In honor of national diabetes awareness month in November, we are recognizing Sadie Edwards. Happy birthday, Sadie!
For this 12-year-old Peyton Manning Children’s Hospital at St. Vincent patient who celebrates her birthday on Nov. 20, the past year and a half has been a whirlwind.
Sadie was diagnosed with type 1 diabetes in March 2017. Spring was beginning to approach, and her mother Kristen decided to get some of Sadie’s summer clothes out of storage. As Sadie was trying on clothes that should have fit, many were loose fitting. An experienced nursing professional for several years, Kristen decided to weigh her daughter and noticed that she also had lost about 10 pounds. Other warning signs such as Sadie drinking liquids more often prompted Kristen to schedule an appointment with her pediatrician.
While at her doctor’s appointment, Sadie’s blood sugar levels were so high, mom immediately had to take her to Peyton Manning Children’s Hospital to be admitted. Thankfully, she decided to drive her to Peyton Manning Children’s Hospital at St. Vincent for care.
“From the beginning, our experience [at Peyton Manning Children’s Hospital], was phenomenal,” said Kristen.
Kristen credits Andrew C. Riggs, MD, pediatric endocrinology, and the pediatric inpatient department staff for making a positive first impression on Sadie during her quick transition into life as a diabetic.
On the day Sadie arrived at the hospital, her focus was on the next day’s school field trip. When she knew she would have to go to the hospital, her thoughts quickly shifted to not being able to go on her fourth-grade field trip to an NFL combine fan experience, a trip she had been excited about for weeks.
In her mind, Sadie was determined to go on her field trip and not even diabetes was going to be a hindrance.
Enter Dr.

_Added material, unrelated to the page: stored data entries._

(* Every real hypersurface $M^3$ in $\mathbb{C}P^2$ or $\mathbb{C}H^2$ satisfies $\langle S^*X,Y\rangle=\frac{\rho^*}{2}\langle X,Y\rangle$ for all $X,Y\in W^\perp$, with $$\frac{\rho^*}{2}=4c+\lambda\nu-\mu^2,$$ where, at each point, $X_0\in W^\perp$ is a unit vector with $\langle AW,\varphi X_0\rangle=0$ (e.g. $X_0$ the unit vector with $AW=\alpha W+\beta X_0$, $\beta>0$, where $AW\ne\alpha W$), $Y_0=\varphi X_0$, $\lambda=\langle AX_0,X_0\rangle$, $\mu=\langle AX_0,Y_0\rangle$, $\nu=\langle AY_0,Y_0\rangle$.
   Context: $\mathbb{C}P^2$, $\mathbb{C}H^2$ carry Kähler metrics of constant holomorphic sectional curvature $4c\ne0$, complex structure $J$, connection $\widetilde\nabla$. For a real hypersurface $M$ with unit normal $\xi$: $W$ with $JW=\xi$; $W^\perp$ the holomorphic distribution; $\varphi X=JX-\langle X,W\rangle\xi$; $AX=-\widetilde\nabla_X\xi$; $\alpha=\langle AW,W\rangle$; $R$ the curvature tensor of $M$ ($R(X,Y)=\nabla_X\nabla_Y-\nabla_Y\nabla_X-\nabla_{[X,Y]}$). The *-Ricci tensor $S^*$ is defined by $\langle S^*X,Y\rangle=\tfrac12\operatorname{trace}\{Z\mapsto\varphi R(X,\varphi Y)Z\}$ and $\rho^*=\operatorname{trace}S^*$. *)

theory Defs
  imports "HOL-Analysis.Analysis"
begin

text \<open>Pointwise (tangent-space) model of a real hypersurface M^3 in CP^2 / CH^2.
  The ambient tangent space at a point is a 4-dimensional Euclidean space with
  an orthogonal complex structure J; \<xi> is the unit normal, T = \<xi>-orthogonal
  complement is the tangent space of M, A the shape operator.\<close>

definition tproj :: "'a::real_inner \<Rightarrow> 'a \<Rightarrow> 'a" where
  "tproj \<xi> x = x - inner x \<xi> *\<^sub>R \<xi>"

text \<open>W with J W = \<xi>, i.e. W = - J \<xi>.\<close>
definition Wvec :: "('a::real_inner \<Rightarrow> 'a) \<Rightarrow> 'a \<Rightarrow> 'a" where
  "Wvec J \<xi> = - J \<xi>"

definition phi :: "('a::real_inner \<Rightarrow> 'a) \<Rightarrow> 'a \<Rightarrow> 'a \<Rightarrow> 'a" where
  "phi J \<xi> X = J X - inner X (Wvec J \<xi>) *\<^sub>R \<xi>"

text \<open>Curvature tensor of the complex space form of constant holomorphic
  sectional curvature 4c, convention R(X,Y) = [\<nabla>X,\<nabla>Y] - \<nabla>[X,Y].\<close>
definition ambR :: "real \<Rightarrow> ('a::real_inner \<Rightarrow> 'a) \<Rightarrow> 'a \<Rightarrow> 'a \<Rightarrow> 'a \<Rightarrow> 'a" where
  "ambR c J X Y Z = c *\<^sub>R (inner Y Z *\<^sub>R X - inner X Z *\<^sub>R Y
      + inner (J Y) Z *\<^sub>R J X - inner (J X) Z *\<^sub>R J Y - (2 * inner (J X) Y) *\<^sub>R J Z)"

text \<open>Curvature tensor of M via the Gauss equation.\<close>
definition hypR :: "real \<Rightarrow> ('a::real_inner \<Rightarrow> 'a) \<Rightarrow> 'a \<Rightarrow> ('a \<Rightarrow> 'a) \<Rightarrow> 'a \<Rightarrow> 'a \<Rightarrow> 'a \<Rightarrow> 'a" where
  "hypR c J \<xi> A X Y Z = tproj \<xi> (ambR c J X Y Z)
      + inner (A Y) Z *\<^sub>R A X - inner (A X) Z *\<^sub>R A Y"

text \<open>Trace of an endomorphism of the tangent space T (trace of its compression).\<close>
definition trT :: "'a::euclidean_space \<Rightarrow> ('a \<Rightarrow> 'a) \<Rightarrow> real" where
  "trT \<xi> f = (\<Sum>b\<in>Basis. inner (tproj \<xi> (f (tproj \<xi> b))) b)"

definition SstarForm :: "real \<Rightarrow> ('a::euclidean_space \<Rightarrow> 'a) \<Rightarrow> 'a \<Rightarrow> ('a \<Rightarrow> 'a) \<Rightarrow> 'a \<Rightarrow> 'a \<Rightarrow> real" where
  "SstarForm c J \<xi> A X Y = trT \<xi> (\<lambda>Z. phi J \<xi> (hypR c J \<xi> A X (phi J \<xi> Y) Z)) / 2"

definition rhostar :: "real \<Rightarrow> ('a::euclidean_space \<Rightarrow> 'a) \<Rightarrow> 'a \<Rightarrow> ('a \<Rightarrow> 'a) \<Rightarrow> real" where
  "rhostar c J \<xi> A = (\<Sum>b\<in>Basis. SstarForm c J \<xi> A (tproj \<xi> b) (tproj \<xi> b))"

end

theory Submission
  imports Defs
begin

text \<open>Complete the unit vector \<open>X\<^sub>0 \<in> W\<^sup>\<perp>\<close> to the orthonormal frame \<open>W, X\<^sub>0, Y\<^sub>0 = JX\<^sub>0, \<xi>\<close> of the
  ambient tangent space. The traces defining \<open>S\<^sup>*\<close> and \<open>\<rho>\<^sup>*\<close> are basis independent, so they can be
  computed in this frame, where the Gauss equation gives \<open>S\<^sup>*(W,W) = 0\<close>,
  \<open>S\<^sup>*(X\<^sub>0,X\<^sub>0) = S\<^sup>*(Y\<^sub>0,Y\<^sub>0) = 4c + \<lambda>\<nu> - \<mu>\<^sup>2\<close> and \<open>S\<^sup>*(X\<^sub>0,Y\<^sub>0) = S\<^sup>*(Y\<^sub>0,X\<^sub>0) = 0\<close>; bilinearity
  does the rest.\<close>

lemma orthonormal_basis_representation:
  fixes U :: "'a::euclidean_space set"
  assumes orth: "pairwise orthogonal U" and unit: "\<And>u. u \<in> U \<Longrightarrow> norm u = 1"
    and card: "card U = DIM('a)"
  shows "(\<Sum>u\<in>U. (x \<bullet> u) *\<^sub>R u) = x"
proof -
  have fin: "finite U"
    using card by (intro card_ge_0_finite) simp
  have "independent U"
    using unit by (intro pairwise_orthogonal_independent[OF orth]) force
  then have "x \<in> span U"
    using card_eq_dim[of U UNIV] card fin by auto
  then show ?thesis
    using orthonormal_basis_expand[OF orth unit _ fin] by blast
qed

lemma trace_bilinear_orthonormal_basis:
  fixes U :: "'a::euclidean_space set"
  assumes orth: "pairwise orthogonal U" and unit: "\<And>u. u \<in> U \<Longrightarrow> norm u = 1"
    and card: "card U = DIM('a)" and bil: "bilinear \<beta>"
  shows "(\<Sum>b\<in>Basis. \<beta> b b) = (\<Sum>u\<in>U. \<beta> u u)"
proof -
  have left: "linear (\<lambda>x. \<beta> x y)" and right: "linear (\<lambda>y. \<beta> x y)" for x y
    using bil by (simp_all add: bilinear_def)
  have "(\<Sum>b\<in>Basis. \<beta> b b) = (\<Sum>b\<in>Basis. \<Sum>u\<in>U. (b \<bullet> u) *\<^sub>R \<beta> u b)"
  proof (rule sum.cong[OF refl])
    fix b :: 'a
    have "\<beta> b b = \<beta> (\<Sum>u\<in>U. (b \<bullet> u) *\<^sub>R u) b"
      by (simp add: orthonormal_basis_representation[OF orth unit card])
    then show "\<beta> b b = (\<Sum>u\<in>U. (b \<bullet> u) *\<^sub>R \<beta> u b)"
      by (simp add: linear_sum[OF left] linear_scale[OF left])
  qed
  also have "\<dots> = (\<Sum>u\<in>U. \<beta> u (\<Sum>b\<in>Basis. (u \<bullet> b) *\<^sub>R b))"
    by (subst sum.swap) (simp add: linear_sum[OF right] linear_scale[OF right] inner_commute)
  also have "\<dots> = (\<Sum>u\<in>U. \<beta> u u)"
    by (simp add: euclidean_representation)
  finally show ?thesis .
qed

lemma bilinear_compose_linear:
  "bilinear h \<Longrightarrow> linear f \<Longrightarrow> linear g \<Longrightarrow> bilinear (\<lambda>x y. h (f x) (g y))"
  unfolding bilinear_def linear_iff by (simp add: linear_add linear_scale)

lemma linear_tproj: "linear (tproj \<xi>)"
  unfolding linear_iff tproj_def by (simp add: algebra_simps)

lemma tproj_orthogonal: "u \<bullet> \<xi> = 0 \<Longrightarrow> tproj \<xi> u = u"
  by (simp add: tproj_def)

lemma inner_tproj_left: "u \<bullet> \<xi> = 0 \<Longrightarrow> tproj \<xi> v \<bullet> u = v \<bullet> u"
  using inner_commute[of u \<xi>] by (simp add: tproj_def inner_diff_left)

lemma tproj_normal: "norm \<xi> = 1 \<Longrightarrow> tproj \<xi> \<xi> = 0"
  by (simp add: tproj_def dot_square_norm)

lemma trT_orthonormal_basis:
  fixes U :: "'a::euclidean_space set"
  assumes orth: "pairwise orthogonal U" and unit: "\<And>u. u \<in> U \<Longrightarrow> norm u = 1"
    and card: "card U = DIM('a)" and xi: "\<xi> \<in> U" and f: "linear f"
  shows "trT \<xi> f = (\<Sum>u\<in>U - {\<xi>}. f u \<bullet> u)"
proof -
  have fin: "finite U"
    using card by (intro card_ge_0_finite) simp
  have tangent: "u \<bullet> \<xi> = 0" if "u \<in> U - {\<xi>}" for u
    using orth xi that by (auto simp: pairwise_def orthogonal_def)
  have "linear (\<lambda>a. tproj \<xi> (f (tproj \<xi> a)))"
    using linear_compose[OF linear_compose[OF linear_tproj f] linear_tproj] by (simp add: o_def)
  then have bil: "bilinear (\<lambda>a b. tproj \<xi> (f (tproj \<xi> a)) \<bullet> b)"
    using bilinear_compose_linear[OF bilinear_conv_bounded_bilinear[THEN iffD2, OF bounded_bilinear_inner]
        _ linear_id] by (simp add: id_def)
  have "trT \<xi> f = (\<Sum>u\<in>U. tproj \<xi> (f (tproj \<xi> u)) \<bullet> u)"
    unfolding trT_def by (rule trace_bilinear_orthonormal_basis[OF orth unit card bil])
  also have "\<dots> = (\<Sum>u\<in>U - {\<xi>}. f u \<bullet> u)"
    using tangent unit[OF xi]
    by (simp add: sum.remove[OF fin xi] tproj_normal linear_0[OF f] linear_0[OF linear_tproj]
        tproj_orthogonal inner_tproj_left)
  finally show ?thesis .
qed

lemma linear_phi: "linear J \<Longrightarrow> linear (phi J \<xi>)"
  unfolding linear_iff phi_def by (simp add: algebra_simps linear_add linear_scale)

lemma linear_hypR_left: "linear J \<Longrightarrow> linear A \<Longrightarrow> linear (\<lambda>X. hypR c J \<xi> A X Y Z)"
  unfolding linear_iff hypR_def ambR_def tproj_def by (simp add: algebra_simps linear_add linear_scale)

lemma linear_hypR_middle: "linear J \<Longrightarrow> linear A \<Longrightarrow> linear (\<lambda>Y. hypR c J \<xi> A X Y Z)"
  unfolding linear_iff hypR_def ambR_def tproj_def by (simp add: algebra_simps linear_add linear_scale)
(* Symmetry of the cardinal B-spline about the centre (d+1)/2 of its support;
   reflecting the knots produces the extra terms u^d, whose alternating sum vanishes. *)
lemma bspline_symmetric:
  assumes "1 \<le> d"
  shows "bspline d (real (Suc d) - y) = bspline d y"
proof -
  have "fact d * bspline d (real (Suc d) - y)
      = (\<Sum>i\<le>Suc d. (-1)^(Suc d - i) * real (Suc d choose (Suc d - i)) *
                       tpow d (real (Suc d) - y - real (Suc d - i)))"
    unfolding bspline_eq_sum atLeast0AtMost[symmetric]
    by (subst sum.atLeastAtMost_rev) simp
  also have "\<dots> = (\<Sum>i\<le>Suc d. (-1)^i * real (Suc d choose i) * tpow d (y - real i))
                 - (\<Sum>i\<le>Suc d. (-1)^i * real (Suc d choose i) * (y - real i)^d)"
    unfolding sum_subtractf[symmetric]
  proof (rule sum.cong[OF refl])
    fix i assume i: "i \<in> {..Suc d}"
    have arg: "real (Suc d) - y - real (Suc d - i) = - (y - real i)"
      using i by simp
    have sign: "(-1::real)^(Suc d - i) = - ((-1)^d * (-1)^i)"
      using i by (simp add: minus_one_power_diff)
    show "(-1)^(Suc d - i) * real (Suc d choose (Suc d - i)) *
                 tpow d (real (Suc d) - y - real (Suc d - i))
        = (-1)^i * real (Suc d choose i) * tpow d (y - real i)
          - (-1)^i * real (Suc d choose i) * (y - real i)^d"
      unfolding arg sign tpow_reflect[OF assms] binomial_symmetric[OF i[simplified], symmetric]
      by (simp add: algebra_simps)
  qed
  also have "\<dots> = fact d * bspline d y"
    using finite_difference_power[of d "Suc d" y] by (simp add: bspline_eq_sum)
  finally show ?thesis by simp
qed

lemma alternating_sum_fold_symmetric:
  fixes \<phi> :: "nat \<Rightarrow> 'a::comm_ring_1"
  assumes "\<And>k. k \<le> r \<Longrightarrow> \<phi> (r - k) = \<phi> (r + k)"
  shows "(\<Sum>j\<le>2*r. (-1)^j * \<phi> j) = (-1)^r * (\<phi> r + 2 * (\<Sum>k=1..r. (-1)^k * \<phi> (r + k)))"
  using assms
proof (induction r arbitrary: \<phi>)
  case 0
  then show ?case by simp
next
  case (Suc r)
  define \<psi> where "\<psi> j = \<phi> (Suc j)" for j
  have "\<psi> (r - k) = \<psi> (r + k)" if "k \<le> r" for k
    using Suc.prems[of k] that by (simp add: \<psi>_def Suc_diff_le)
  then have IH: "(\<Sum>j\<le>2*r. (-1)^j * \<psi> j)
      = (-1)^r * (\<psi> r + 2 * (\<Sum>k=1..r. (-1)^k * \<psi> (r + k)))"
    by (rule Suc.IH)
  have ends: "\<phi> 0 = \<phi> (2 * Suc r)" using Suc.prems[of "Suc r"] by (simp add: mult_2)
  have "2 * Suc r = Suc (Suc (2*r))" by simp
  then have "(\<Sum>j\<le>2*Suc r. (-1)^j * \<phi> j) = \<phi> 0 + (\<Sum>j\<le>Suc (2*r). (-1)^Suc j * \<phi> (Suc j))"
    by (simp only: sum.atMost_Suc_shift) simp
  also have "\<dots> = \<phi> 0 + \<phi> (2 * Suc r) - (\<Sum>j\<le>2*r. (-1)^j * \<psi> j)"
    by (simp add: \<psi>_def sum_negf)
  finally have split: "(\<Sum>j\<le>2*Suc r. (-1)^j * \<phi> j)
      = \<phi> 0 + \<phi> (2 * Suc r) - (\<Sum>j\<le>2*r. (-1)^j * \<psi> j)" .
  have last: "(\<Sum>k=1..Suc r. (-1)^k * \<phi> (Suc r + k))
      = (\<Sum>k=1..r. (-1)^k * \<psi> (r + k)) + (-1)^Suc r * \<phi> (2 * Suc r)"
    by (simp add: \<psi>_def mult_2)
  show ?case
    unfolding split IH last ends by (simp add: \<psi>_def algebra_simps)
qed

(* By symmetry of the B-spline, lambda^d is (up to sign) the full alternating sum of
   the B-spline values at the 2r+1 points of the form k + ((d+1)/2 - r). *)
lemma lambda_inf_alternating_sum:
  "fact d * lambda_inf d = (-1)^(d div 2) *
     (\<Sum>k\<le>2 * (d div 2). (-1)^k * (fact d * bspline d (real k + ((real d + 1)/2 - real (d div 2)))))"
proof -
  define r where "r = d div 2"
  define c where "c = (real d + 1)/2 - real r"
  define \<phi> where "\<phi> k = fact d * bspline d (real k + c)" for k
  have tval_eq: "fact d * tval d j = \<phi> (r + j)" for j
    by (simp add: tval_def \<phi>_def c_def algebra_simps)
  have symmetric: "\<phi> (r - k) = \<phi> (r + k)" if k: "k \<le> r" for k
  proof (cases "r = 0")
    case True
    with k show ?thesis by simp
  next
    case False
    then have "1 \<le> d" by (simp add: r_def)
    have "real (r - k) + c = real (Suc d) - (real (r + k) + c)"
      using k by (simp add: c_def field_simps)
    then show ?thesis
      by (simp only: \<phi>_def bspline_symmetric[OF \<open>1 \<le> d\<close>])
  qed
  have "fact d * lambda_inf d = fact d * tval d 0 + 2 * (\<Sum>k=1..r. (-1)^k * (fact d * tval d k))"
    by (simp add: lambda_inf_def r_def algebra_simps sum_distrib_left)
  also have "\<dots> = \<phi> r + 2 * (\<Sum>k=1..r. (-1)^k * \<phi> (r + k))"
    by (simp only: tval_eq) simp
  also have "\<dots> = (-1)^r * (\<Sum>k\<le>2*r. (-1)^k * \<phi> k)"
    using alternating_sum_fold_symmetric[of r \<phi>, OF symmetric] by simp
  finally show ?thesis by (simp add: r_def c_def \<phi>_def)
qed

(* lambda^d in terms of P_d: the sample points are k + 1/2 for even d and k + 1 for
   odd d, so the alternating sum is P_d(1/2) or (using N^d(0) = 0) minus P_d(0). *)
lemma lambda_inf_eq_scaled_euler_poly:
  "fact d * lambda_inf d = (-1)^(d div 2) *
     (if even d then poly (scaled_euler_poly d) (1/2) else - poly (scaled_euler_poly d) 0)"
proof (cases "even d")
  case True
  then obtain r where d: "d = 2 * r" by (rule evenE)
  have "poly (scaled_euler_poly d) (1/2) = (\<Sum>k\<le>2*r. (-1)^k * (fact d * bspline d (real k + 1/2)))"
    using scaled_euler_poly_eq_bspline_sum[of "1/2" d] by (simp add: d add.commute)
  moreover have offset: "(real d + 1)/2 - real (d div 2) = 1/2" by (simp add: d field_simps)
  ultimately show ?thesis
    using lambda_inf_alternating_sum[of d, unfolded offset] True by (simp add: d)
next
  case False
  then obtain r where d: "d = 2 * r + 1" by (rule oddE)
  have "poly (scaled_euler_poly d) 0 = (\<Sum>j\<le>Suc (2*r). (-1)^j * (fact d * bspline d (real j)))"
    using scaled_euler_poly_eq_bspline_sum[of 0 d] by (simp add: d)
  also have "\<dots> = - (\<Sum>k\<le>2*r. (-1)^k * (fact d * bspline d (real k + 1)))"
    unfolding sum.atMost_Suc_shift
    by (simp del: sum.atMost_Suc add: bspline_at_zero d sum_negf add.commute)
  moreover have offset: "(real d + 1)/2 - real (d div 2) = 1" by (simp add: d field_simps)
  ultimately show ?thesis
    using lambda_inf_alternating_sum[of d, unfolded offset] False by (simp add: d)
qed

definition parity_part :: "bool \<Rightarrow> (nat \<Rightarrow> real) \<Rightarrow> real fps" where
  "parity_part b a = Abs_fps (\<lambda>m. if even m = b then a m else 0)"

(* Coefficients of cos t times a parity part whose coefficients are given by
   (-1)^(m div 2) g m / m!: only the terms with j even contribute, with matching signs. *)
lemma cos_times_parity_part:
  fixes a g :: "nat \<Rightarrow> real"
  assumes a_eq: "\<And>m. even m = b \<Longrightarrow> fact m * a m = (-1)^(m div 2) * g m"
  shows "fps_nth (fps_cos 1 * parity_part b a) n =
    (if even n = b
     then (-1)^(n div 2) / (2 * fact n) * (\<Sum>j\<le>n. real (n choose j) * (1 + (-1)^j) * g (n - j))
     else 0)"
proof -
  have product: "fps_nth (fps_cos 1 * parity_part b a) n =
      (\<Sum>j\<le>n. fps_nth (fps_cos 1) j * (if even (n - j) = b then a (n - j) else 0))"
    by (simp add: fps_mult_nth parity_part_def atLeast0AtMost)
  show ?thesis
  proof (cases "even n = b")
    case True
    have "fps_nth (fps_cos 1) j * (if even (n - j) = b then a (n - j) else 0)
        = (-1)^(n div 2) / (2 * fact n) * (real (n choose j) * (1 + (-1)^j) * g (n - j))"
      if j: "j \<le> n" for j
    proof (cases "even j")
      case True
      with j \<open>even n = b\<close> have parity: "even (n - j) = b" by auto
      have signs: "j div 2 + (n - j) div 2 = n div 2" using True j by (auto elim!: evenE)
      have "fps_nth (fps_cos 1) j * (if even (n - j) = b then a (n - j) else 0)
          = (-1)^(j div 2) * (-1)^((n - j) div 2) * g (n - j) / (fact j * fact (n - j))"
        using True parity a_eq[OF parity] by (simp add: fps_cos_def field_simps)
      also have "\<dots> = (-1)^(n div 2) / (2 * fact n) * (real (n choose j) * (1 + (-1)^j) * g (n - j))"
        using True by (simp add: binomial_fact[OF j] signs flip: power_add)
      finally show ?thesis .
    qed (simp add: fps_cos_def)
    then show ?thesis
      using True by (simp add: product sum_distrib_left)
  next
    case False
    then show ?thesis
      unfolding product by (auto intro!: sum.neutral simp: fps_cos_def split: if_splits)
  qed
qed

(* The binomial identity at x = 1/2: cos t times the even part is 1. *)
lemma fps_cos_times_even_lambda_inf: "fps_cos 1 * parity_part True lambda_inf = 1"
proof (rule fps_ext)
  fix n
  have "fps_nth (fps_cos 1 * parity_part True lambda_inf) n =
      (if even n then (-1)^(n div 2) / (2 * fact n) * (2^Suc n * (1/2 - 1/2)^n) else 0)"
    using cos_times_parity_part[of True lambda_inf "\<lambda>m. poly (scaled_euler_poly m) (1/2)" n]
    by (simp add: lambda_inf_eq_scaled_euler_poly scaled_euler_poly_parity_sum)
  then show "fps_nth (fps_cos 1 * parity_part True lambda_inf) n = fps_nth 1 n"
    by (cases "n = 0") auto
qed

(* The binomial identity at x = 0: cos t times the odd part is sin t. *)
lemma fps_cos_times_odd_lambda_inf: "fps_cos 1 * parity_part False lambda_inf = fps_sin 1"
proof (rule fps_ext)
  fix n
  have "fps_nth (fps_cos 1 * parity_part False lambda_inf) n =
      (if odd n then (-1)^(n div 2) / (2 * fact n) * - (2^Suc n * (0 - 1/2)^n) else 0)"
    using cos_times_parity_part[of False lambda_inf "\<lambda>m. - poly (scaled_euler_poly m) 0" n]
    by (simp add: lambda_inf_eq_scaled_euler_poly scaled_euler_poly_parity_sum sum_negf)
  moreover have "odd n \<Longrightarrow> (n - 1) div 2 = n div 2" by (auto elim: oddE)
  moreover have "odd n \<Longrightarrow> - (2^Suc n * (0 - 1/2)^n) = (2::real)"
    by (simp add: power_one_over)
  ultimately show "fps_nth (fps_cos 1 * parity_part False lambda_inf) n = fps_nth (fps_sin 1) n"
    by (simp add: fps_sin_def)
qed

lemma inverse_fps_cos_eq_lambda_inf: "inverse (fps_cos (1::real)) = parity_part True lambda_inf"
  by (rule fps_inverse_unique[OF fps_cos_times_even_lambda_inf])

lemma fps_tan_eq_lambda_inf: "fps_tan (1::real) = parity_part False lambda_inf"
proof -
  have "fps_tan (1::real) = fps_sin 1 * inverse (fps_cos 1)"
    unfolding fps_tan_def by (rule fps_divide_unit) simp
  also have "\<dots> = parity_part False lambda_inf * (fps_cos 1 * parity_part True lambda_inf)"
    by (simp add: inverse_fps_cos_eq_lambda_inf flip: fps_cos_times_odd_lambda_inf)
  finally show ?thesis by (simp add: fps_cos_times_even_lambda_inf)
qed

theorem mainTheorem1:
  fixes d :: nat
  shows "lambda_inf d = (1 / fact d) *
           (if odd d then tangent_number d else euler_number d)"
  by (simp add: tangent_number_def euler_number_def fps_tan_eq_lambda_inf
      inverse_fps_cos_eq_lambda_inf parity_part_def)

end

Riggs and the entire clinical team at Peyton Manning Children’s Hospital who worked fast and tirelessly to stabilize Sadie’s blood sugar levels, explain to her what was happening, provide compassionate and personalized care and educate her parents. It was a very sensitive matter and daunting experience for a 10-year-old.
Thanks to the hardworking team of professionals, Sadie was discharged and stabilized by that evening, which meant she was cleared to go on her field trip.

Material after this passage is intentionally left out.